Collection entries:
lemma k_polar_solution_Quat:
  fixes q0 q1 q2 q3 :: "'a::field_char_0"
  assumes "m3 = qk (k_sandwich (Quat q0 q1 q2 q3))" and "q3 \<noteq> 0" and "m3 \<noteq> 0"
  shows "k_polar_solution (Quat q0 q1 q2 q3) (Quat k0 k1 k2 k3) d0 = Quat d0
      (- (2 * d0 * q2) / (2 * q3) + (k1 * (q2\<^sup>2 - q3\<^sup>2) + k2 * (q0 * q3 - q1 * q2)) / (2 * q3 * m3))
      ((2 * d0 * q1) / (2 * q3) + (k1 * (- q0 * q3 - q1 * q2) + k2 * (q1\<^sup>2 - q3\<^sup>2)) / (2 * q3 * m3))
      (- (2 * d0 * q0) / (2 * q3) + (k1 * (q1 * q3 + q0 * q2) + k2 * (q2 * q3 - q0 * q1)) / (2 * q3 * m3))"
  using assms by (simp add: k_polar_solution_def qadd_def qscale_def qmul_def qunit_k_def field_simps)

lemma k_polar_solution_solves:
  fixes Q K :: "'a::field_char_0 quat"
  assumes "qk Q \<noteq> 0" and "qk (k_sandwich Q) \<noteq> 0" and "qre K = 0"
    and "qdot (k_sandwich Q) K = 0"
  shows "k_polar Q (k_polar_solution Q K d0) = qneg K"
  unfolding k_polar_solution_def k_polar_qadd_right k_polar_qscale_right k_polar_mult_k_right
    k_polar_of_particular[OF assms(3,4)]
  using assms(1,2) by (simp add: qadd_def qscale_def qneg_def qzero_def field_simps)

lemma k_polar_eq_neg_iff:
  fixes Q K D :: "'a::field_char_0 quat"
  assumes "qk Q \<noteq> 0" and "qk (k_sandwich Q) \<noteq> 0" and "qdot Q Q \<noteq> 0"
    and "qre K = 0" and "qdot (k_sandwich Q) K = 0"
  shows "k_polar Q D = qneg K \<longleftrightarrow> D = k_polar_solution Q K (qre D)"
proof
  assume "D = k_polar_solution Q K (qre D)"
  then show "k_polar Q D = qneg K"
    using k_polar_solution_solves[OF assms(1,2,4,5)] by metis
next
  assume eq: "k_polar Q D = qneg K"
  define S where "S = k_polar_solution Q K (qre D)"
  have "k_polar Q (qadd D (qneg S)) = qadd (qneg K) (qneg (qneg K))"
    unfolding k_polar_diff_right eq S_def k_polar_solution_solves[OF assms(1,2,4,5)] ..
  also have "\<dots> = qzero"
    by (simp add: qadd_def qneg_def qzero_def)
  finally have "k_polar Q (qadd D (qneg S)) = qzero" .
  moreover have "qre (qadd D (qneg S)) = 0"
    using assms(1) by (simp add: S_def qre_k_polar_solution qadd_def qneg_def)
  ultimately have "qadd D (qneg S) = qzero"
    by (rule k_polar_vectorial_kernel) (use assms(1,3) in simp_all)
  then show "D = S"
    by (cases D; cases S) (simp add: qadd_def qneg_def qzero_def)
qed

lemma scaled_k_polar_eq_iff:
  fixes A D K :: "'a::idom quat"
  assumes "c \<noteq> 0"
  shows "qadd (qneg (qmul (qscale c A) (qmul qunit_k (qcnj D))))
           (qneg (qmul D (qmul qunit_k (qcnj (qscale c A))))) = qscale c K
         \<longleftrightarrow> k_polar A D = qneg K"
proof -
  have expand: "qadd (qneg (qmul (qscale c A) (qmul qunit_k (qcnj D))))
      (qneg (qmul D (qmul qunit_k (qcnj (qscale c A))))) = qscale c (qneg (k_polar A D))"
    by (simp add: k_polar_def qadd_def qneg_def qscale_def qmul_def qcnj_def qunit_k_def algebra_simps)
  show ?thesis
    unfolding expand using assms
    by (cases "k_polar A D"; cases K) (auto simp: qneg_def qscale_def minus_equation_iff simp flip: mult_minus_right)
qed

theorem lemma3:
  fixes Lp Ld Q P M :: "real poly quat" and h l :: "real poly"
    and q0 q1 q2 q3 m3 k5 k6 :: "real poly fract"
    and D :: "real poly fract quat" and d0 d1 d2 d3 :: "real poly fract"
  assumes line: "line_poly Lp Ld"
    and h: "h \<noteq> 0" and l: "l \<noteq> 0"
    and P: "P = qscale (h * l) Q"
    and PkP: "qmul P (qmul qunit_k (qcnj P)) = qscale h Lp"
    and M: "M = qmul Q (qmul qunit_k (qcnj Q))"
    and q: "q0 = to_fract (qre Q)" "q1 = to_fract (qi Q)" "q2 = to_fract (qj Q)" "q3 = to_fract (qk Q)"
    and m3: "m3 = to_fract (qk M)"
    and k5: "k5 = to_fract (qi Ld) / to_fract l"
    and k6: "k6 = to_fract (qj Ld) / to_fract l"
    and m3nz: "m3 \<noteq> 0" and q3nz: "q3 \<noteq> 0"
    and D: "D = Quat d0 d1 d2 d3"
  shows "qadd (qneg (qmul (qfr P) (qmul qunit_k (qcnj D))))
              (qneg (qmul D (qmul qunit_k (qcnj (qfr P)))))
           = qscale (to_fract h) (qfr Ld)
    \<longleftrightarrow>
    (d1 = - (2 * d0 * q2) / (2 * q3)
          + (k5 * (q2^2 - q3^2) + k6 * (q0 * q3 - q1 * q2)) / (2 * q3 * m3) \<and>
     d2 = (2 * d0 * q1) / (2 * q3)
          + (k5 * (- q0 * q3 - q1 * q2) + k6 * (q1^2 - q3^2)) / (2 * q3 * m3) \<and>
     d3 = - (2 * d0 * q0) / (2 * q3)
          + (k5 * (q1 * q3 + q0 * q2) + k6 * (q2 * q3 - q0 * q1)) / (2 * q3 * m3))"
proof -
  define Qf where "Qf = qfr Q"
  define K where "K = qscale (inverse (to_fract l)) (qfr Ld)"
  have Qf: "Qf = Quat q0 q1 q2 q3"
    by (simp add: Qf_def qfr_def q)
  have M_Q: "M = k_sandwich Q"
    by (simp add: M k_sandwich_def)
  have M_Qf: "qfr M = k_sandwich Qf"
    by (simp add: M_Q Qf_def qfr_k_sandwich)
  have m3_Qf: "m3 = qk (k_sandwich Qf)"
    by (simp add: m3 qfr_def flip: M_Qf)
  have K_Quat: "K = Quat 0 k5 k6 (to_fract (qk Ld) / to_fract l)"
    using line by (simp add: K_def qscale_def qfr_def line_poly_def vectorial_def k5 k6 divide_inverse)
  have "k_sandwich (qscale (h * l) Q) = qscale h Lp"
    using PkP by (simp add: P k_sandwich_def)
  then have "qdot M Ld = 0"
    unfolding M_Q by (rule line_poly_k_sandwich_orth[OF line]) (use h l in simp_all)
  then have K_orth: "qdot (k_sandwich Qf) K = 0"
    by (simp add: K_def qdot_qscale_right qdot_qfr flip: M_Qf)
  have "qdot Qf Qf \<noteq> 0"
    using qdot_self_pos[of Qf] q3nz by (simp add: Qf)
  then have solutions: "k_polar Qf D = qneg K \<longleftrightarrow> D = k_polar_solution Qf K d0"
    using k_polar_eq_neg_iff[of Qf K D] q3nz m3nz K_orth by (simp add: Qf m3_Qf K_Quat D)
  have P_Qf: "qfr P = qscale (to_fract (h * l)) Qf"
    by (simp add: P Qf_def qfr_qscale)
  have Ld_K: "qscale (to_fract h) (qfr Ld) = qscale (to_fract (h * l)) K"
    using l by (simp add: K_def qscale_def)
  have hl: "to_fract (h * l) \<noteq> 0"
    using h l by simp
  show ?thesis
    unfolding P_Qf Ld_K scaled_k_polar_eq_iff[OF hl] solutions
    by (simp add: D Qf K_Quat k_polar_solution_Quat[OF m3_Qf[unfolded Qf] q3nz m3nz])
qed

:: Work required ::
Transcribe the data above in full, keeping every word as it is.

:: Exercise response ::
lemma k_polar_solution_Quat:
  fixes q0 q1 q2 q3 :: "'a::field_char_0"
  assumes "m3 = qk (k_sandwich (Quat q0 q1 q2 q3))" and "q3 \<noteq> 0" and "m3 \<noteq> 0"
  shows "k_polar_solution (Quat q0 q1 q2 q3) (Quat k0 k1 k2 k3) d0 = Quat d0
      (- (2 * d0 * q2) / (2 * q3) + (k1 * (q2\<^sup>2 - q3\<^sup>2) + k2 * (q0 * q3 - q1 * q2)) / (2 * q3 * m3))
      ((2 * d0 * q1) / (2 * q3) + (k1 * (- q0 * q3 - q1 * q2) + k2 * (q1\<^sup>2 - q3\<^sup>2)) / (2 * q3 * m3))
      (- (2 * d0 * q0) / (2 * q3) + (k1 * (q1 * q3 + q0 * q2) + k2 * (q2 * q3 - q0 * q1)) / (2 * q3 * m3))"
  using assms by (simp add: k_polar_solution_def qadd_def qscale_def qmul_def qunit_k_def field_simps)

lemma k_polar_solution_solves:
  fixes Q K :: "'a::field_char_0 quat"
  assumes "qk Q \<noteq> 0" and "qk (k_sandwich Q) \<noteq> 0" and "qre K = 0"
    and "qdot (k_sandwich Q) K = 0"
  shows "k_polar Q (k_polar_solution Q K d0) = qneg K"
  unfolding k_polar_solution_def k_polar_qadd_right k_polar_qscale_right k_polar_mult_k_right
    k_polar_of_particular[OF assms(3,4)]
  using assms(1,2) by (simp add: qadd_def qscale_def qneg_def qzero_def field_simps)

lemma k_polar_eq_neg_iff:
  fixes Q K D :: "'a::field_char_0 quat"
  assumes "qk Q \<noteq> 0" and "qk (k_sandwich Q) \<noteq> 0" and "qdot Q Q \<noteq> 0"
    and "qre K = 0" and "qdot (k_sandwich Q) K = 0"
  shows "k_polar Q D = qneg K \<longleftrightarrow> D = k_polar_solution Q K (qre D)"
proof
  assume "D = k_polar_solution Q K (qre D)"
  then show "k_polar Q D = qneg K"
    using k_polar_solution_solves[OF assms(1,2,4,5)] by metis
next
  assume eq: "k_polar Q D = qneg K"
  define S where "S = k_polar_solution Q K (qre D)"
  have "k_polar Q (qadd D (qneg S)) = qadd (qneg K) (qneg (qneg K))"
    unfolding k_polar_diff_right eq S_def k_polar_solution_solves[OF assms(1,2,4,5)] ..
  also have "\<dots> = qzero"
    by (simp add: qadd_def qneg_def qzero_def)
  finally have "k_polar Q (qadd D (qneg S)) = qzero" .
  moreover have "qre (qadd D (qneg S)) = 0"
    using assms(1) by (simp add: S_def qre_k_polar_solution qadd_def qneg_def)
  ultimately have "qadd D (qneg S) = qzero"
    by (rule k_polar_vectorial_kernel) (use assms(1,3) in simp_all)
  then show "D = S"
    by (cases D; cases S) (simp add: qadd_def qneg_def qzero_def)
qed

lemma scaled_k_polar_eq_iff:
  fixes A D K :: "'a::idom quat"
  assumes "c \<noteq> 0"
  shows "qadd (qneg (qmul (qscale c A) (qmul qunit_k (qcnj D))))
           (qneg (qmul D (qmul qunit_k (qcnj (qscale c A))))) = qscale c K
         \<longleftrightarrow> k_polar A D = qneg K"
proof -
  have expand: "qadd (qneg (qmul (qscale c A) (qmul qunit_k (qcnj D))))
      (qneg (qmul D (qmul qunit_k (qcnj (qscale c A))))) = qscale c (qneg (k_polar A D))"
    by (simp add: k_polar_def qadd_def qneg_def qscale_def qmul_def qcnj_def qunit_k_def algebra_simps)
  show ?thesis
    unfolding expand using assms
    by (cases "k_polar A D"; cases K) (auto simp: qneg_def qscale_def minus_equation_iff simp flip: mult_minus_right)
qed

theorem lemma3:
  fixes Lp Ld Q P M :: "real poly quat" and h l :: "real poly"
    and q0 q1 q2 q3 m3 k5 k6 :: "real poly fract"
    and D :: "real poly fract quat" and d0 d1 d2 d3 :: "real poly fract"
  assumes line: "line_poly Lp Ld"
    and h: "h \<noteq> 0" and l: "l \<noteq> 0"
    and P: "P = qscale (h * l) Q"
    and PkP: "qmul P (qmul qunit_k (qcnj P)) = qscale h Lp"
    and M: "M = qmul Q (qmul qunit_k (qcnj Q))"
    and q: "q0 = to_fract (qre Q)" "q1 = to_fract (qi Q)" "q2 = to_fract (qj Q)" "q3 = to_fract (qk Q)"
    and m3: "m3 = to_fract (qk M)"
    and k5: "k5 = to_fract (qi Ld) / to_fract l"
    and k6: "k6 = to_fract (qj Ld) / to_fract l"
    and m3nz: "m3 \<noteq> 0" and q3nz: "q3 \<noteq> 0"
    and D: "D = Quat d0 d1 d2 d3"
  shows "qadd (qneg (qmul (qfr P) (qmul qunit_k (qcnj D))))
              (qneg (qmul D (qmul qunit_k (qcnj (qfr P)))))
           = qscale (to_fract h) (qfr Ld)
    \<longleftrightarrow>
    (d1 = - (2 * d0 * q2) / (2 * q3)
          + (k5 * (q2^2 - q3^2) + k6 * (q0 * q3 - q1 * q2)) / (2 * q3 * m3) \<and>
     d2 = (2 * d0 * q1) / (2 * q3)
          + (k5 * (- q0 * q3 - q1 * q2) + k6 * (q1^2 - q3^2)) / (2 * q3 * m3) \<and>
     d3 = - (2 * d0 * q0) / (2 * q3)
          + (k5 * (q1 * q3 + q0 * q2) + k6 * (q2 * q3 - q0 * q1)) / (2 * q3 * m3))"
proof -
  define Qf where "Qf = qfr Q"
  define K where "K = qscale (inverse (to_fract l)) (qfr Ld)"
  have Qf: "Qf = Quat q0 q1 q2 q3"
    by (simp add: Qf_def qfr_def q)
  have M_Q: "M = k_sandwich Q"
    by (simp add: M k_sandwich_def)
  have M_Qf: "qfr M = k_sandwich Qf"
    by (simp add: M_Q Qf_def qfr_k_sandwich)
  have m3_Qf: "m3 = qk (k_sandwich Qf)"
    by (simp add: m3 qfr_def flip: M_Qf)
  have K_Quat: "K = Quat 0 k5 k6 (to_fract (qk Ld) / to_fract l)"
    using line by (simp add: K_def qscale_def qfr_def line_poly_def vectorial_def k5 k6 divide_inverse)
  have "k_sandwich (qscale (h * l) Q) = qscale h Lp"
    using PkP by (simp add: P k_sandwich_def)
  then have "qdot M Ld = 0"
    unfolding M_Q by (rule line_poly_k_sandwich_orth[OF line]) (use h l in simp_all)
  then have K_orth: "qdot (k_sandwich Qf) K = 0"
    by (simp add: K_def qdot_qscale_right qdot_qfr flip: M_Qf)
  have "qdot Qf Qf \<noteq> 0"
    using qdot_self_pos[of Qf] q3nz by (simp add: Qf)
  then have solutions: "k_polar Qf D = qneg K \<longleftrightarrow> D = k_polar_solution Qf K d0"
    using k_polar_eq_neg_iff[of Qf K D] q3nz m3nz K_orth by (simp add: Qf m3_Qf K_Quat D)
  have P_Qf: "qfr P = qscale (to_fract (h * l)) Qf"
    by (simp add: P Qf_def qfr_qscale)
  have Ld_K: "qscale (to_fract h) (qfr Ld) = qscale (to_fract (h * l)) K"
    using l by (simp add: K_def qscale_def)
  have hl: "to_fract (h * l) \<noteq> 0"
    using h l by simp
  show ?thesis
    unfolding P_Qf Ld_K scaled_k_polar_eq_iff[OF hl] solutions
    by (simp add: D Qf K_Quat k_polar_solution_Quat[OF m3_Qf[unfolded Qf] q3nz m3nz])
qed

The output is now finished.